(* Let $p$ be a prime, $s\geq 2$, and let $t_1\geq 1,t_2,\dots,t_s$ be nonnegative integers with $t_s\geq 1$. Let $\mathcal{H}_s=\mathcal{H}^{t_1,\dots,t_s}$ (a $\mathbb{Z}_{p^s}$-additive code) and $\mathcal{H}_{s+1}=\mathcal{H}^{1,t_1-1,t_2,\dots,t_{s-1},t_s-1}$ (a $\mathbb{Z}_{p^{s+1}}$-additive code). Then $H_s=\Phi_s(\mathcal{H}_s)$ is permutation equivalent to $H_{s+1}=\Phi_{s+1}(\mathcal{H}_{s+1})$, i.e. there is a coordinate permutation $\pi$ with $H_{s+1}=\pi(H_s)$.
   Context: For $r\geq 1$ and $u\in\mathbb{Z}_{p^r}$ with $p$-ary expansion $u=\sum_{i=0}^{r-1}u_ip^i$, the Gray map $\phi_r:\mathbb{Z}_{p^r}\to\mathbb{Z}_p^{p^{r-1}}$ is $\phi_r(u)=(u_{r-1},\dots,u_{r-1})+(u_0,\dots,u_{r-2})Y_{r-1}$, where $Y_1=(0\ 1\ \cdots\ p-1)$ and $Y_k$ is the $k\times p^k$ matrix with first $k-1$ rows $(Y_{k-1}\ \cdots\ Y_{k-1})$ ($p$ copies) and last row $(0,\dots,0,1,\dots,1,\dots,p-1,\dots,p-1)$ (constant blocks of length $p^{k-1}$); $\phi_1$ is the identity; $\Phi_r$ applies $\phi_r$ coordinatewise and concatenates. For a ring $\mathbb{Z}_{p^r}$ and $1\le i\le r$ let $T_i=\{jp^{i-1}:0\le j\le p^{r-i+1}-1\}$. For nonnegative integers $a_1\ge 1,a_2,\dots,a_r$, $A^{a_1,\dots,a_r}$ is the matrix over $\mathbb{Z}_{p^r}$ whose columns are all $\mathbf{z}^T$ with $\mathbf{z}\in\{1\}\times T_1^{a_1-1}\times T_2^{a_2}\times\cdots\times T_r^{a_r}$, and $\mathcal{H}^{a_1,\dots,a_r}\subseteq\mathbb{Z}_{p^r}^n$ is the subgroup generated by its rows. *)

theory Defs
  imports Main "HOL-Computational_Algebra.Primes"
begin

text \<open>Elements of Z_(p^r) are represented by naturals below p^r.\<close>

definition pdigit :: "nat \<Rightarrow> nat \<Rightarrow> nat \<Rightarrow> nat" where
  "pdigit p i u = (u div p ^ i) mod p"

text \<open>Y p k j c = entry (row j, column c), 0-based, of the k x p^k matrix Y_k.\<close>
fun Ymat :: "nat \<Rightarrow> nat \<Rightarrow> nat \<Rightarrow> nat \<Rightarrow> nat" where
  "Ymat p 0 j c = 0"
| "Ymat p (Suc 0) j c = c"
| "Ymat p (Suc (Suc k)) j c =
     (if j < Suc k then Ymat p (Suc k) j (c mod p ^ Suc k) else c div p ^ Suc k)"

text \<open>Gray map phi_r : Z_(p^r) -> Z_p^(p^(r-1)); coordinate c < p^(r-1).\<close>
definition gray :: "nat \<Rightarrow> nat \<Rightarrow> nat \<Rightarrow> nat \<Rightarrow> nat" where
  "gray p r u c = (if r = 1 then u else
     (pdigit p (r - 1) u + (\<Sum>j<r - 1. pdigit p j u * Ymat p (r - 1) j c)) mod p)"

definition Tset :: "nat \<Rightarrow> nat \<Rightarrow> nat \<Rightarrow> nat set" where
  "Tset p r i = {j * p ^ (i - 1) | j. j < p ^ (r - i + 1)}"

text \<open>Columns of A^(a_1,...,a_r), r = length a: the set {1} x T_1^(a_1-1) x T_2^(a_2) x ... x T_r^(a_r).\<close>
definition colsA :: "nat \<Rightarrow> nat list \<Rightarrow> nat list set" where
  "colsA p a = listset ({1} # tl (concat (map (\<lambda>i. replicate (a ! i) (Tset p (length a) (Suc i)))
                                           [0..<length a])))"

text \<open>The code H^(a_1,...,a_r): the subgroup of Z_(p^r)^n generated by the rows of A,
  i.e. all Z-linear combinations of rows; codewords are functions on the column set
  (extended by 0 outside).\<close>
definition Hcode :: "nat \<Rightarrow> nat list \<Rightarrow> (nat list \<Rightarrow> nat) set" where
  "Hcode p a = {(\<lambda>z. if z \<in> colsA p a
                    then (\<Sum>k<sum_list a. lam k * z ! k) mod p ^ length a else 0)
               | lam :: nat \<Rightarrow> nat. True}"

definition grayIdx :: "nat \<Rightarrow> nat list \<Rightarrow> (nat list \<times> nat) set" where
  "grayIdx p a = colsA p a \<times> {..<p ^ (length a - 1)}"

definition grayCode :: "nat \<Rightarrow> nat list \<Rightarrow> (nat list \<times> nat \<Rightarrow> nat) set" where
  "grayCode p a = {(\<lambda>(z, c). if (z, c) \<in> grayIdx p a then gray p (length a) (w z) c else 0)
                  | w. w \<in> Hcode p a}"

definition perm_equiv :: "'i set \<Rightarrow> ('i \<Rightarrow> nat) set \<Rightarrow> 'j set \<Rightarrow> ('j \<Rightarrow> nat) set \<Rightarrow> bool" where
  "perm_equiv I1 C1 I2 C2 \<longleftrightarrow>
     (\<exists>\<pi>. bij_betw \<pi> I2 I1 \<and> C2 = {(\<lambda>x. if x \<in> I2 then w (\<pi> x) else 0) | w. w \<in> C1})"

end

theory Submission
  imports Defs
begin

(* Write a codeword of H_(s+1) at the column 1.(p w) as lambda_0 + p V, where V is the
   contribution of the rows indexed by w. Coordinate c of its Gray image satisfies
   phi_(s+1)(mu + p x)_c = phi_s(x)_(c div p) + mu (c mod p), and adding p^(s-1) e to an
   element of Z_(p^s) adds e to every coordinate of its Gray image. So, splitting
   lambda_0 = p L + E with E < p, this coordinate equals coordinate c div p, at the column
   1.w.((c mod p) p^(s-1)), of the Gray image of the codeword of H_s with coefficients L on
   the first row and E on the last row, whose entries run through T_s = p^(s-1) Z. The
   coordinate map (1.(p w), c) -> (1.w.((c mod p) p^(s-1)), c div p) is a bijection. *)

subsection \<open>Column sets\<close>

lemma listset_iff: "xs \<in> listset As \<longleftrightarrow> list_all2 (\<in>) xs As"
proof (induction As arbitrary: xs)
  case Nil
  then show ?case by auto
next
  case (Cons A As)
  then show ?case by (cases xs) (auto simp: set_Cons_def)
qed

lemma listset_snoc: "listset (As @ [B]) = {xs @ [y] | xs y. xs \<in> listset As \<and> y \<in> B}"
proof (intro equalityI subsetI)
  fix zs
  assume "zs \<in> listset (As @ [B])"
  then obtain xs y where "zs = xs @ [y]" "list_all2 (\<in>) xs As" "y \<in> B"
    by (auto simp: listset_iff list_all2_append2 list_all2_Cons2)
  then show "zs \<in> {xs @ [y] | xs y. xs \<in> listset As \<and> y \<in> B}"
    by (auto simp: listset_iff)
next
  fix zs
  assume "zs \<in> {xs @ [y] | xs y. xs \<in> listset As \<and> y \<in> B}"
  then show "zs \<in> listset (As @ [B])"
    by (auto simp: listset_iff list_all2_appendI)
qed

lemma listset_map_image: "listset (map ((`) f) As) = map f ` listset As"
proof (induction As)
  case Nil
  then show ?case by simp
next
  case (Cons A As)
  have "set_Cons (f ` A) (map f ` listset As) = map f ` set_Cons A (listset As)"
    by (auto simp: set_Cons_def image_iff) (metis list.map(2))
  with Cons show ?case
    by simp
qed

lemma concat_map_replicate_Cons:
  "concat (map (\<lambda>i. replicate ((x # xs) ! i) (F i)) [0..<length (x # xs)])
   = replicate x (F 0) @ concat (map (\<lambda>i. replicate (xs ! i) (F (Suc i))) [0..<length xs])"
  by (simp add: upt_conv_Cons map_Suc_upt[symmetric] comp_def del: upt_Suc)

lemma concat_map_replicate_snoc:
  "concat (map (\<lambda>i. replicate ((xs @ [x]) ! i) (F i)) [0..<length (xs @ [x])])
   = concat (map (\<lambda>i. replicate (xs ! i) (F i)) [0..<length xs]) @ replicate x (F (length xs))"
proof -
  have "map (\<lambda>i. replicate ((xs @ [x]) ! i) (F i)) [0..<length xs]
      = map (\<lambda>i. replicate (xs ! i) (F i)) [0..<length xs]"
    by (rule map_cong) (simp_all add: nth_append)
  then show ?thesis
    by (simp only: length_append_singleton upt_Suc_append[OF le0] map_append concat_append) simp
qed

definition col_factors :: "nat \<Rightarrow> nat list \<Rightarrow> nat set list" where
  "col_factors p a = concat (map (\<lambda>i. replicate (a ! i) (Tset p (length a) (Suc i))) [0..<length a])"

lemma colsA_eq_listset: "colsA p a = listset ({1} # tl (col_factors p a))"
  unfolding colsA_def col_factors_def ..

lemma length_col_factors: "length (col_factors p a) = sum_list a"
  by (simp add: col_factors_def length_concat comp_def sum_list_sum_nth atLeast0LessThan)

lemma Tset_Suc_Suc: "Tset p (Suc r) (Suc (Suc i)) = (*) p ` Tset p r (Suc i)"
  unfolding Tset_def by (auto simp: ac_simps)

lemma Tset_last: "Tset p r r = {j * p ^ (r - 1) | j. j < p}"
  unfolding Tset_def by simp

lemma col_factors_Cons_one:
  "col_factors p (1 # b) = Tset p (Suc (length b)) 1 # map ((`) ((*) p)) (col_factors p b)"
  unfolding col_factors_def concat_map_replicate_Cons
  by (simp add: Tset_Suc_Suc map_concat comp_def)

lemma col_factors_Cons_snoc:
  assumes "1 \<le> a" "1 \<le> z"
  shows "col_factors p (a # xs @ [z])
    = Tset p (length xs + 2) 1 # col_factors p ((a - 1) # xs @ [z - 1])
      @ [Tset p (length xs + 2) (length xs + 2)]"
proof -
  obtain a' z' where "a = Suc a'" "z = Suc z'"
    using assms by (cases a; cases z) auto
  then show ?thesis
    unfolding col_factors_def concat_map_replicate_Cons concat_map_replicate_snoc
    by (simp add: replicate_append_same)
qed
(* There is no finitely generated partially commutative group $G$ with $\mathrm{cdim}(G)=3$.
   Context: A finitely generated partially commutative group is a group $G(\Gamma)=\langle X\mid [a,b]=1 \text{ whenever } a,b \text{ are joined by an edge of }\Gamma\rangle$ for a finite simple undirected graph $\Gamma$ with vertex set $X$, where $[a,b]=a^{-1}b^{-1}ab$. The centraliser dimension $\mathrm{cdim}(H)$ of a group $H$ is the maximal length $k$ of a chain $C_0>C_1>\cdots>C_k$ (strict inclusions) of centralisers of subsets of $H$. *)

theory Defs
  imports "HOL-Algebra.Group"
begin

definition fin_simple_graph :: "'a set \<Rightarrow> ('a \<Rightarrow> 'a \<Rightarrow> bool) \<Rightarrow> bool" where
  "fin_simple_graph V E \<longleftrightarrow> finite V \<and> (\<forall>a b. E a b \<longrightarrow> E b a) \<and> (\<forall>a. \<not> E a a)
     \<and> (\<forall>a b. E a b \<longrightarrow> a \<in> V \<and> b \<in> V)"

text \<open>Words in the generators and their inverses: (x, True) is x, (x, False) is x^-1.\<close>
type_synonym 'a word = "('a \<times> bool) list"

definition words_on :: "'a set \<Rightarrow> 'a word set" where
  "words_on V = {w. \<forall>l \<in> set w. fst l \<in> V}"

inductive pc_step :: "('a \<Rightarrow> 'a \<Rightarrow> bool) \<Rightarrow> 'a word \<Rightarrow> 'a word \<Rightarrow> bool" for E where
  cancel: "pc_step E (xs @ [(a, e), (a, \<not> e)] @ ys) (xs @ ys)"
| swap: "E a c \<Longrightarrow> pc_step E (xs @ [(a, e), (c, d)] @ ys) (xs @ [(c, d), (a, e)] @ ys)"

definition pc_rel :: "'a set \<Rightarrow> ('a \<Rightarrow> 'a \<Rightarrow> bool) \<Rightarrow> ('a word \<times> 'a word) set" where
  "pc_rel V E = ({(u, v). u \<in> words_on V \<and> v \<in> words_on V \<and> (pc_step E u v \<or> pc_step E v u)})\<^sup>*
                 \<inter> (words_on V \<times> words_on V)"

definition pc_group :: "'a set \<Rightarrow> ('a \<Rightarrow> 'a \<Rightarrow> bool) \<Rightarrow> 'a word set monoid" where
  "pc_group V E =
     \<lparr> carrier = words_on V // pc_rel V E,
       mult = (\<lambda>A B. \<Union>u\<in>A. \<Union>v\<in>B. pc_rel V E `` {u @ v}),
       one = pc_rel V E `` {[]} \<rparr>"

definition centraliser :: "('g, 'b) monoid_scheme \<Rightarrow> 'g set \<Rightarrow> 'g set" where
  "centraliser H S = {g \<in> carrier H. \<forall>s \<in> S. g \<otimes>\<^bsub>H\<^esub> s = s \<otimes>\<^bsub>H\<^esub> g}"

definition is_centraliser :: "('g, 'b) monoid_scheme \<Rightarrow> 'g set \<Rightarrow> bool" where
  "is_centraliser H C \<longleftrightarrow> (\<exists>S \<subseteq> carrier H. C = centraliser H S)"

definition has_centraliser_chain :: "('g, 'b) monoid_scheme \<Rightarrow> nat \<Rightarrow> bool" where
  "has_centraliser_chain H k \<longleftrightarrow>
     (\<exists>C :: nat \<Rightarrow> 'g set. (\<forall>i \<le> k. is_centraliser H (C i)) \<and> (\<forall>i < k. C (Suc i) \<subset> C i))"

definition cdim_eq :: "('g, 'b) monoid_scheme \<Rightarrow> nat \<Rightarrow> bool" where
  "cdim_eq H k \<longleftrightarrow> has_centraliser_chain H k \<and> (\<forall>m. has_centraliser_chain H m \<longrightarrow> m \<le> k)"

end

theory Submission
  imports Defs "HOL-Computational_Algebra.Polynomial" "HOL-Library.Countable_Set"
begin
__________
**WORK ORDER**
Bring together every line in the entries that holds the string "grayIdx".

**WRITTEN SOLUTION**
definition grayIdx :: "nat \<Rightarrow> nat list \<Rightarrow> (nat list \<times> nat) set" where
  "grayIdx p a = colsA p a \<times> {..<p ^ (length a - 1)}"
  "grayCode p a = {(\<lambda>(z, c). if (z, c) \<in> grayIdx p a then gray p (length a) (w z) c else 0)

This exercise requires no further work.